- [Prompt] So that nothing is lost, write out all the lines below exactly.

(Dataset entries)

text \<open>For \<open>x, y\<close> in the ball, \<open>\<bar>u x - u y\<bar> \<le> min 2 (L0 \<bar>x - y\<bar>)\<close>, and for almost every \<open>y\<close>
  also \<open>\<bar>u x - u y\<bar> \<le> \<bar>x - y\<bar> \<integral>\<^sub>0\<^sup>1 \<bar>\<nabla>u (x + t (y - x))\<bar> dt\<close>, by the fundamental theorem of
  calculus along the segment. Multiplying the two bounds, substituting \<open>h = y - x\<close> and using Fubini
  and translation invariance splits the double integral into \<open>\<integral> \<bar>\<nabla>u\<bar>\<close> times the integral of the
  kernel \<open>min 2 (L0 \<bar>h\<bar>) \<bar>h\<bar>\<^bsup>1 - d - 2s\<^esup>\<close> over \<open>\<bar>h\<bar> < 2\<close>. In polar coordinates this is a
  one-dimensional integral, which the split at \<open>\<bar>h\<bar> = 2 / L0\<close> bounds by
  \<open>d \<omega>\<^sub>d L0\<^bsup>2s - 1\<^esup> (1 / (1 - s) + 2 log L0)\<close>.\<close>

section \<open>Polar coordinates for radial integrands\<close>

lemma has_integral_of_nat_mult_power:
  fixes a b :: real
  assumes "a \<le> b"
  shows "((\<lambda>r. real d * r ^ (d - 1)) has_integral (b ^ d - a ^ d)) {a..b}"
proof -
  have "((\<lambda>r. real d * r ^ (d - 1)) has_integral ((\<lambda>r. r ^ d) b - (\<lambda>r. r ^ d) a)) {a..b}"
    by (rule fundamental_theorem_of_calculus[OF assms])
       (auto simp: has_real_derivative_iff_has_vector_derivative[symmetric] intro!: derivative_eq_intros)
  then show ?thesis by simp
qed

lemma emeasure_ball_diff_cball:
  assumes R: "R > 0"
  defines "w \<equiv> measure lborel (ball (0::'a::euclidean_space) 1)"
  shows "emeasure lborel (ball (0::'a) R - cball 0 x)
       = ennreal (w * R ^ DIM('a) - w * (max 0 (min x R)) ^ DIM('a))"
proof -
  have w0: "w \<ge> 0" unfolding w_def by simp
  have ball: "emeasure lborel (ball (0::'a) r) = ennreal (w * r ^ DIM('a))" if "r \<ge> 0" for r
    using content_ball_conv_unit_ball[of r "0::'a"] that emeasure_lborel_ball_finite[of "0::'a" r]
    by (simp add: emeasure_eq_ennreal_measure w_def mult.commute)
  have cball: "emeasure lborel (cball (0::'a) r) = ennreal (w * r ^ DIM('a))" if "r \<ge> 0" for r
    using ball[OF that] emeasure_cball[OF that, of "0::'a"] emeasure_ball[OF that, of "0::'a"] by simp
  consider "x < 0" | "0 \<le> x" "x < R" | "R \<le> x" by linarith
  then show ?thesis
  proof cases
    case 1
    then have "ball (0::'a) R - cball 0 x = ball 0 R" by auto
    then show ?thesis using 1 R ball[of R] by (simp add: power_0_left)
  next
    case 2
    have "emeasure lborel (ball (0::'a) R - cball 0 x)
        = emeasure lborel (ball (0::'a) R) - emeasure lborel (cball (0::'a) x)"
      using 2 by (intro emeasure_Diff) (use emeasure_lborel_cball_finite[of "0::'a" x] in auto)
    also have "\<dots> = ennreal (w * R ^ DIM('a) - w * x ^ DIM('a))"
      using 2 R by (simp add: ball cball ennreal_minus w0 power_mono mult_left_mono)
    finally show ?thesis using 2 by simp
  next
    case 3
    then have "ball (0::'a) R - cball 0 x = {}" by auto
    then have "emeasure lborel (ball (0::'a) R - cball 0 x) = 0" by (simp only: emeasure_empty)
    moreover have "max 0 (min x R) = R" using 3 R by simp
    ultimately show ?thesis by simp
  qed
qed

- [Exercise answer]
text \<open>For \<open>x, y\<close> in the ball, \<open>\<bar>u x - u y\<bar> \<le> min 2 (L0 \<bar>x - y\<bar>)\<close>, and for almost every \<open>y\<close>
  also \<open>\<bar>u x - u y\<bar> \<le> \<bar>x - y\<bar> \<integral>\<^sub>0\<^sup>1 \<bar>\<nabla>u (x + t (y - x))\<bar> dt\<close>, by the fundamental theorem of
  calculus along the segment. Multiplying the two bounds, substituting \<open>h = y - x\<close> and using Fubini
  and translation invariance splits the double integral into \<open>\<integral> \<bar>\<nabla>u\<bar>\<close> times the integral of the
  kernel \<open>min 2 (L0 \<bar>h\<bar>) \<bar>h\<bar>\<^bsup>1 - d - 2s\<^esup>\<close> over \<open>\<bar>h\<bar> < 2\<close>. In polar coordinates this is a
  one-dimensional integral, which the split at \<open>\<bar>h\<bar> = 2 / L0\<close> bounds by
  \<open>d \<omega>\<^sub>d L0\<^bsup>2s - 1\<^esup> (1 / (1 - s) + 2 log L0)\<close>.\<close>

section \<open>Polar coordinates for radial integrands\<close>

lemma has_integral_of_nat_mult_power:
  fixes a b :: real
  assumes "a \<le> b"
  shows "((\<lambda>r. real d * r ^ (d - 1)) has_integral (b ^ d - a ^ d)) {a..b}"
proof -
  have "((\<lambda>r. real d * r ^ (d - 1)) has_integral ((\<lambda>r. r ^ d) b - (\<lambda>r. r ^ d) a)) {a..b}"
    by (rule fundamental_theorem_of_calculus[OF assms])
       (auto simp: has_real_derivative_iff_has_vector_derivative[symmetric] intro!: derivative_eq_intros)
  then show ?thesis by simp
qed

lemma emeasure_ball_diff_cball:
  assumes R: "R > 0"
  defines "w \<equiv> measure lborel (ball (0::'a::euclidean_space) 1)"
  shows "emeasure lborel (ball (0::'a) R - cball 0 x)
       = ennreal (w * R ^ DIM('a) - w * (max 0 (min x R)) ^ DIM('a))"
proof -
  have w0: "w \<ge> 0" unfolding w_def by simp
  have ball: "emeasure lborel (ball (0::'a) r) = ennreal (w * r ^ DIM('a))" if "r \<ge> 0" for r
    using content_ball_conv_unit_ball[of r "0::'a"] that emeasure_lborel_ball_finite[of "0::'a" r]
    by (simp add: emeasure_eq_ennreal_measure w_def mult.commute)
  have cball: "emeasure lborel (cball (0::'a) r) = ennreal (w * r ^ DIM('a))" if "r \<ge> 0" for r
    using ball[OF that] emeasure_cball[OF that, of "0::'a"] emeasure_ball[OF that, of "0::'a"] by simp
  consider "x < 0" | "0 \<le> x" "x < R" | "R \<le> x" by linarith
  then show ?thesis
  proof cases
    case 1
    then have "ball (0::'a) R - cball 0 x = ball 0 R" by auto
    then show ?thesis using 1 R ball[of R] by (simp add: power_0_left)
  next
    case 2
    have "emeasure lborel (ball (0::'a) R - cball 0 x)
        = emeasure lborel (ball (0::'a) R) - emeasure lborel (cball (0::'a) x)"
      using 2 by (intro emeasure_Diff) (use emeasure_lborel_cball_finite[of "0::'a" x] in auto)
    also have "\<dots> = ennreal (w * R ^ DIM('a) - w * x ^ DIM('a))"
      using 2 R by (simp add: ball cball ennreal_minus w0 power_mono mult_left_mono)
    finally show ?thesis using 2 by simp
  next
    case 3
    then have "ball (0::'a) R - cball 0 x = {}" by auto
    then have "emeasure lborel (ball (0::'a) R - cball 0 x) = 0" by (simp only: emeasure_empty)
    moreover have "max 0 (min x R) = R" using 3 R by simp
    ultimately show ?thesis by simp
  qed
qed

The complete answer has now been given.